**Exercise details:**
Return exactly the span of lines in the following data that opens with the line containing "P \<Longrightarrow> \<omega> \<in> A \<Longrightarrow>" and closes with the line containing "using assms(1-3) cover". Include nothing else.

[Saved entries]

========

lemma prob_le_thinning_bound:
  fixes P :: "'b pmf" and E :: "'i set \<Rightarrow> 'b set" and x :: real
  assumes "finite U" "0 \<le> x" "x \<le> 1"
    and cover: "\<And>\<omega>. \<omega> \<in> set_pmf P \<Longrightarrow> \<omega> \<in> A \<Longrightarrow>
                  \<exists>T\<subseteq>U. card T \<le> k \<and> (\<forall>S. T \<subseteq> S \<and> S \<subseteq> U \<longrightarrow> \<omega> \<in> E S)"
    and rare: "\<And>S. S \<subseteq> U \<Longrightarrow> measure_pmf.prob P (E S) \<le> M * q ^ card (U - S)"
  shows "x ^ k * measure_pmf.prob P A \<le> M * (x + (1 - x) * q) ^ card U"
proof -
  have "x ^ k * measure_pmf.prob P A
      \<le> (\<Sum>S\<in>Pow U. x ^ card S * (1 - x) ^ card (U - S) * measure_pmf.prob P (E S))"
    using assms(1-3) cover by (rule prob_le_thinning_sum)
  also have "\<dots> \<le> (\<Sum>S\<in>Pow U. x ^ card S * (1 - x) ^ card (U - S) * (M * q ^ card (U - S)))"
    using assms(2,3) rare by (intro sum_mono mult_left_mono) auto
  also have "\<dots> = M * (\<Sum>S\<in>Pow U. x ^ card S * ((1 - x) * q) ^ card (U - S))"
    by (simp add: sum_distrib_left power_mult_distrib mult_ac)
  also have "\<dots> = M * (x + (1 - x) * q) ^ card U"
    using assms(1) by (simp add: sum_Pow_power_card)
  finally show ?thesis .
qed

lemma ln_le_13_12_plus_div_8:
  fixes t :: real
  assumes "t > 0"
  shows "ln t \<le> 13/12 + t / 8"
proof -
  have "ln t = 3 * ln 2 + ln (t / 8)"
    using assms ln_realpow[of 2 3] by (simp add: ln_div)
  also have "ln (t / 8) \<le> t / 8 - 1"
    using assms by (intro ln_le_minus_one) simp
  finally show ?thesis
    using ln2_le_25_over_36 by linarith
qed

lemma mult_ln_le_of_ge_mult_ln:
  fixes c \<rho> :: real
  assumes c: "c > 1" and \<rho>: "\<rho> \<ge> 8 * c * ln (4 * c)"
  shows "12 * c * ln (2 * \<rho>) \<le> 5 * \<rho>"
proof -
  define t where "t = \<rho> / c"
  have \<rho>_eq: "\<rho> = c * t"
    using c by (simp add: t_def)
  have ln_4c: "ln (4 * c) = ln 2 + ln (2 * c)"
    using c ln_mult[of 2 "2 * c"] by simp
  have "ln (2 * c) \<ge> ln 2" "ln (2::real) \<ge> 2/3"
    using c ln2_ge_two_thirds by auto
  moreover have t: "t \<ge> 8 * ln (4 * c)"
    using \<rho> c by (simp add: t_def field_simps)
  ultimately have "t > 0" "ln (2 * c) \<le> t / 8" "t \<ge> 32/3"
    using ln_4c by linarith+
  moreover have "ln (2 * \<rho>) = ln (2 * c) + ln t"
    unfolding \<rho>_eq using c \<open>t > 0\<close> by (simp add: ln_mult)
  ultimately have "12 * ln (2 * \<rho>) \<le> 5 * t"
    using ln_le_13_12_plus_div_8[of t] by linarith
  then show ?thesis
    unfolding \<rho>_eq using c by (simp add: algebra_simps)
qed

lemma thinned_growth_bound_le:
  fixes b \<rho> :: nat and \<alpha> \<beta> r \<phi> :: real
  assumes \<beta>: "\<beta> \<ge> 1" and r: "r > 1" and \<phi>: "0 < \<phi>"
    and \<rho>: "real \<rho> \<ge> max (4 * r * (real b * ln 3 + (\<alpha> - \<beta>) * ln 2 + ln (1 / \<phi>)))
                             (8 * r * \<beta> * ln (4 * r * \<beta>))"
  shows "3 ^ b * (2 powr \<alpha> * real \<rho> powr \<beta>) * (1 - 2 / (3 * r)) ^ \<rho> \<le> \<phi>"
proof -
  have "r * \<beta> > 1"
    using \<beta> r by (smt (verit) mult_le_cancel_left1)
  moreover have \<rho>2: "real \<rho> \<ge> 8 * (r * \<beta>) * ln (4 * (r * \<beta>))"
    using \<rho> by (simp add: mult.assoc)
  ultimately have "real \<rho> > 0"
    by (smt (verit) ln_gt_zero mult_pos_pos)
  have "12 * (r * \<beta>) * ln (2 * real \<rho>) \<le> 5 * real \<rho>"
    using \<open>r * \<beta> > 1\<close> \<rho>2 by (rule mult_ln_le_of_ge_mult_ln)
  then have "\<beta> * ln 2 + \<beta> * ln (real \<rho>) \<le> 5 * real \<rho> / (12 * r)"
    using r \<open>real \<rho> > 0\<close> by (simp add: field_simps ln_mult)
  moreover have "real b * ln 3 + (\<alpha> - \<beta>) * ln 2 - ln \<phi> \<le> real \<rho> / (4 * r)"
    using \<rho> \<phi> r by (simp add: ln_div field_simps)
  moreover have "real \<rho> / (4 * r) + 5 * real \<rho> / (12 * r) = 2 * real \<rho> / (3 * r)"
    using r by (simp add: field_simps)
  ultimately have exponent: "real b * ln 3 + \<alpha> * ln 2 + \<beta> * ln (real \<rho>) - 2 * real \<rho> / (3 * r) \<le> ln \<phi>"
    by (simp add: algebra_simps)
  have "(1 - 2 / (3 * r)) ^ \<rho> \<le> exp (- 2 / (3 * r)) ^ \<rho>"
    using r exp_ge_add_one_self[of "- 2 / (3 * r)"] by (intro power_mono) (simp_all add: field_simps)
  then have "3 ^ b * (2 powr \<alpha> * real \<rho> powr \<beta>) * (1 - 2 / (3 * r)) ^ \<rho>
      \<le> 3 ^ b * (2 powr \<alpha> * real \<rho> powr \<beta>) * exp (- 2 / (3 * r)) ^ \<rho>"
    by (simp add: mult_left_mono)
  also have "\<dots> = exp (real b * ln 3) * exp (\<alpha> * ln 2) * exp (\<beta> * ln (real \<rho>)) * exp (- (2 * real \<rho> / (3 * r)))"
  proof -
    have "(3::real) ^ b = exp (real b * ln 3)"
      by (simp add: exp_of_nat_mult)
    then show ?thesis
      using \<open>real \<rho> > 0\<close> by (simp add: powr_def mult.commute flip: exp_of_nat_mult)
  qed
  also have "\<dots> = exp (real b * ln 3 + \<alpha> * ln 2 + \<beta> * ln (real \<rho>) - 2 * real \<rho> / (3 * r))"
    by (simp add: exp_add exp_diff exp_minus field_simps)
  also have "\<dots> \<le> \<phi>"
    using exponent \<phi> by (metis exp_le_cancel_iff exp_ln)
  finally show ?thesis .
qed

lemma card_CD_le_local_growth:
  assumes "finite H" "I \<subseteq> H"
  shows "card (CD I) \<le> local_growth H CD (card I)"
proof -
  have "finite ((\<lambda>I. card (CD I)) ` {J. J \<subseteq> H \<and> card J = card I})"
    using assms(1) by simp
  then show ?thesis
    unfolding local_growth_def using assms(2) by (intro Max_ge) auto
qed

lemma sample_set_draws_subset:
  assumes "finite H" "H \<noteq> {}" "\<omega> \<in> set_pmf (draws H \<rho>)"
  shows "sample_set \<rho> \<omega> \<subseteq> H"
  using assms set_Pi_pmf_subset'[of "{..<\<rho>}" undefined "\<lambda>_. pmf_of_set H"]
  by (auto simp: draws_def sample_set_def PiE_dflt_def)

lemma complies_cell_persists:
  assumes comp: "complies H CD D" and dim: "has_dim_bound H CD b"
    and R: "R \<subseteq> H" "\<sigma> \<in> CD R"
  obtains J where "J \<subseteq> R" "card J \<le> b" "conflict_list H CD D \<sigma> \<inter> R = {}"
    "\<And>S. J \<subseteq> S \<Longrightarrow> S \<subseteq> R \<Longrightarrow> \<sigma> \<in> CD S"
proof -
  have cell_defined: "(\<exists>J. is_defining_set H CD \<sigma> J \<and> J \<subseteq> R) \<and> conflict_list H CD D \<sigma> \<inter> R = {}"
    using comp R unfolding complies_def by blast
  have cell_exists: "\<sigma> \<in> CD S"
    if "S \<subseteq> H" "is_defining_set H CD \<sigma> J" "J \<subseteq> S" "conflict_list H CD D \<sigma> \<inter> S = {}" for S J
  proof -
    have "\<sigma> \<in> all_cells H CD"
      using R by (auto simp: all_cells_def)
    with comp that show ?thesis
      unfolding complies_def by blast
  qed
  from cell_defined obtain J where J: "is_defining_set H CD \<sigma> J" "J \<subseteq> R"
    and no_conflict: "conflict_list H CD D \<sigma> \<inter> R = {}"
    by blast
  obtain J' where J': "J' \<subseteq> R" "card J' \<le> b" "\<sigma> \<in> CD J'"
    using dim R unfolding has_dim_bound_def by blast
  have "card J \<le> card J'"
    using J(1) J'(1,3) R(1) unfolding is_defining_set_def by blast
  show ?thesis
  proof
    show "J \<subseteq> R" "conflict_list H CD D \<sigma> \<inter> R = {}"
      by (fact J(2) no_conflict)+
    show "card J \<le> b"
      using \<open>card J \<le> card J'\<close> J'(2) by linarith
    show "\<sigma> \<in> CD S" if "J \<subseteq> S" "S \<subseteq> R" for S
      using cell_exists[OF _ J(1)] that no_conflict R(1) by blast
  qed
qed

lemma sample_cell_persists:
  assumes "complies H CD D" "has_dim_bound H CD b"
    and "\<omega> ` U \<subseteq> H" "\<sigma> \<in> CD (\<omega> ` U)"
  obtains T where "T \<subseteq> U" "card T \<le> b"
    "\<And>S. T \<subseteq> S \<Longrightarrow> S \<subseteq> U \<Longrightarrow> \<sigma> \<in> CD (\<omega> ` S) \<and> (\<forall>i\<in>U - S. \<omega> i \<notin> conflict_list H CD D \<sigma>)"
proof -
  obtain J where J: "J \<subseteq> \<omega> ` U" "card J \<le> b" "conflict_list H CD D \<sigma> \<inter> \<omega> ` U = {}"
    and persists: "\<And>S. J \<subseteq> S \<Longrightarrow> S \<subseteq> \<omega> ` U \<Longrightarrow> \<sigma> \<in> CD S"
    using complies_cell_persists[OF assms] by blast
  obtain T where T: "T \<subseteq> U" "inj_on \<omega> T" "J = \<omega> ` T"
    using J(1) subset_image_inj by metis
  show ?thesis
  proof
    show "T \<subseteq> U" "card T \<le> b"
      using T J(2) by (auto simp: card_image)
    show "\<sigma> \<in> CD (\<omega> ` S) \<and> (\<forall>i\<in>U - S. \<omega> i \<notin> conflict_list H CD D \<sigma>)"
      if "T \<subseteq> S" "S \<subseteq> U" for S
      using persists[of "\<omega> ` S"] that T(3) J(3) by auto
  qed
qed

lemma prob_heavy_cell_avoids_rest_le:
  fixes H :: "'a set" and CD :: "'a set \<Rightarrow> 'c set" and D :: "'c \<Rightarrow> 'a set"
  assumes H: "finite H" "H \<noteq> {}" and finCD: "\<forall>I \<subseteq> H. finite (CD I)"
    and growth: "\<forall>m \<le> card H. real (local_growth H CD m) \<le> 2 powr \<alpha> * real m powr \<beta>"
    and "\<beta> \<ge> 0" "r \<ge> 1" "S \<subseteq> {..<\<rho>}"
  shows "measure_pmf.prob (draws H \<rho>)
           {\<omega>. \<exists>\<sigma>\<in>{\<sigma> \<in> CD (\<omega> ` S). real (card H) / r < real (card (conflict_list H CD D \<sigma>))}.
                 \<forall>i\<in>{..<\<rho>} - S. \<omega> i \<notin> conflict_list H CD D \<sigma>}
         \<le> 2 powr \<alpha> * real \<rho> powr \<beta> * (1 - 1 / r) ^ card ({..<\<rho>} - S)"
  unfolding draws_def
proof (rule prob_Pi_pmf_of_set_exists_avoiding_le)
  fix R assume R: "R \<subseteq> H" "card R \<le> card S"
  let ?heavy = "{\<sigma> \<in> CD R. real (card H) / r < real (card (conflict_list H CD D \<sigma>))}"
  have "finite (CD R)"
    using finCD R(1) by blast
  then have "card ?heavy \<le> card (CD R)"
    by (intro card_mono) auto
  also have "\<dots> \<le> local_growth H CD (card R)"
    using H(1) R(1) by (rule card_CD_le_local_growth)
  finally have "real (card ?heavy) \<le> 2 powr \<alpha> * real (card R) powr \<beta>"
    using growth card_mono[OF H(1) R(1)] by (meson of_nat_le_iff order.trans)
  also have "\<dots> \<le> 2 powr \<alpha> * real \<rho> powr \<beta>"
  proof -
    have "card S \<le> \<rho>"
      using card_mono[OF _ \<open>S \<subseteq> {..<\<rho>}\<close>] by simp
    then show ?thesis
      using R(2) \<open>\<beta> \<ge> 0\<close> by (intro mult_left_mono powr_mono2) auto
  qed
  finally show "finite ?heavy \<and> real (card ?heavy) \<le> 2 powr \<alpha> * real \<rho> powr \<beta>"
    using \<open>finite (CD R)\<close> by simp
next
  fix R \<sigma> assume "\<sigma> \<in> {\<sigma> \<in> CD R. real (card H) / r < real (card (conflict_list H CD D \<sigma>))}"
  then have heavy: "real (card H) / r < real (card (conflict_list H CD D \<sigma>))"
    by simp
  have "conflict_list H CD D \<sigma> \<subseteq> H"
    by (auto simp: conflict_list_def)
  then have "real (card (H - conflict_list H CD D \<sigma>)) = real (card H) - real (card (conflict_list H CD D \<sigma>))"
    using H(1) by (simp add: card_Diff_subset finite_subset card_mono of_nat_diff)
  also have "\<dots> \<le> (1 - 1 / r) * real (card H)"
    using heavy by (simp add: algebra_simps)
  finally show "real (card (H - conflict_list H CD D \<sigma>)) \<le> (1 - 1 / r) * real (card H)" .
qed (use H \<open>S \<subseteq> {..<\<rho>}\<close> \<open>r \<ge> 1\<close> in auto)

lemma prob_sample_has_heavy_cell_le:
  fixes H :: "'a set" and CD :: "'a set \<Rightarrow> 'c set" and D :: "'c \<Rightarrow> 'a set"
  assumes H: "finite H" "H \<noteq> {}" and finCD: "\<forall>I \<subseteq> H. finite (CD I)"
    and dim: "has_dim_bound H CD b" and comp: "complies H CD D"
    and growth: "\<forall>m \<le> card H. real (local_growth H CD m) \<le> 2 powr \<alpha> * real m powr \<beta>"
    and "\<beta> \<ge> 0" "r \<ge> 1"
  shows "measure_pmf.prob (draws H \<rho>)
           {\<omega>. \<exists>\<sigma>\<in>CD (sample_set \<rho> \<omega>). real (card H) / r < real (card (conflict_list H CD D \<sigma>))}
         \<le> 3 ^ b * (2 powr \<alpha> * real \<rho> powr \<beta>) * (1 - 2 / (3 * r)) ^ \<rho>"
proof -
  let ?heavy = "\<lambda>\<sigma>. real (card H) / r < real (card (conflict_list H CD D \<sigma>))"
  define E where "E S = {\<omega>. \<exists>\<sigma>\<in>{\<sigma> \<in> CD (\<omega> ` S). ?heavy \<sigma>}.
                            \<forall>i\<in>{..<\<rho>} - S. \<omega> i \<notin> conflict_list H CD D \<sigma>}" for S
  have "(1/3) ^ b * measure_pmf.prob (draws H \<rho>) {\<omega>. \<exists>\<sigma>\<in>CD (sample_set \<rho> \<omega>). ?heavy \<sigma>}
      \<le> 2 powr \<alpha> * real \<rho> powr \<beta> * (1/3 + (1 - 1/3) * (1 - 1/r)) ^ card {..<\<rho>}"
  proof (rule prob_le_thinning_bound)
    fix \<omega> assume "\<omega> \<in> set_pmf (draws H \<rho>)" "\<omega> \<in> {\<omega>. \<exists>\<sigma>\<in>CD (sample_set \<rho> \<omega>). ?heavy \<sigma>}"
    then obtain \<sigma> where "\<omega> ` {..<\<rho>} \<subseteq> H" "\<sigma> \<in> CD (\<omega> ` {..<\<rho>})" "?heavy \<sigma>"
      using sample_set_draws_subset[OF H] by (auto simp: sample_set_def)
    moreover obtain T where T: "T \<subseteq> {..<\<rho>}" "card T \<le> b" "\<And>S. T \<subseteq> S \<Longrightarrow> S \<subseteq> {..<\<rho>} \<Longrightarrow>
        \<sigma> \<in> CD (\<omega> ` S) \<and> (\<forall>i\<in>{..<\<rho>} - S. \<omega> i \<notin> conflict_list H CD D \<sigma>)"
      using sample_cell_persists[OF comp dim calculation(1,2)] by blast
    ultimately have "\<omega> \<in> E S" if "T \<subseteq> S" "S \<subseteq> {..<\<rho>}" for S
      using T(3)[OF that] unfolding E_def by blast
    then show "\<exists>T\<subseteq>{..<\<rho>}. card T \<le> b \<and> (\<forall>S. T \<subseteq> S \<and> S \<subseteq> {..<\<rho>} \<longrightarrow> \<omega> \<in> E S)"
      using T(1,2) by blast
  next
    fix S assume "S \<subseteq> {..<\<rho>}"
    then show "measure_pmf.prob (draws H \<rho>) (E S)
        \<le> 2 powr \<alpha> * real \<rho> powr \<beta> * (1 - 1 / r) ^ card ({..<\<rho>} - S)"
      unfolding E_def using assms by (intro prob_heavy_cell_avoids_rest_le) auto
  qed auto
  moreover have "1/3 + (1 - 1/3) * (1 - 1/r) = 1 - 2 / (3 * r)"
    by (simp add: field_simps)
  ultimately show ?thesis
    by (simp add: power_one_over pos_divide_le_eq mult_ac)
qed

========

**Response:**
    and cover: "\<And>\<omega>. \<omega> \<in> set_pmf P \<Longrightarrow> \<omega> \<in> A \<Longrightarrow>
                  \<exists>T\<subseteq>U. card T \<le> k \<and> (\<forall>S. T \<subseteq> S \<and> S \<subseteq> U \<longrightarrow> \<omega> \<in> E S)"
    and rare: "\<And>S. S \<subseteq> U \<Longrightarrow> measure_pmf.prob P (E S) \<le> M * q ^ card (U - S)"
  shows "x ^ k * measure_pmf.prob P A \<le> M * (x + (1 - x) * q) ^ card U"
proof -
  have "x ^ k * measure_pmf.prob P A
      \<le> (\<Sum>S\<in>Pow U. x ^ card S * (1 - x) ^ card (U - S) * measure_pmf.prob P (E S))"
    using assms(1-3) cover by (rule prob_le_thinning_sum)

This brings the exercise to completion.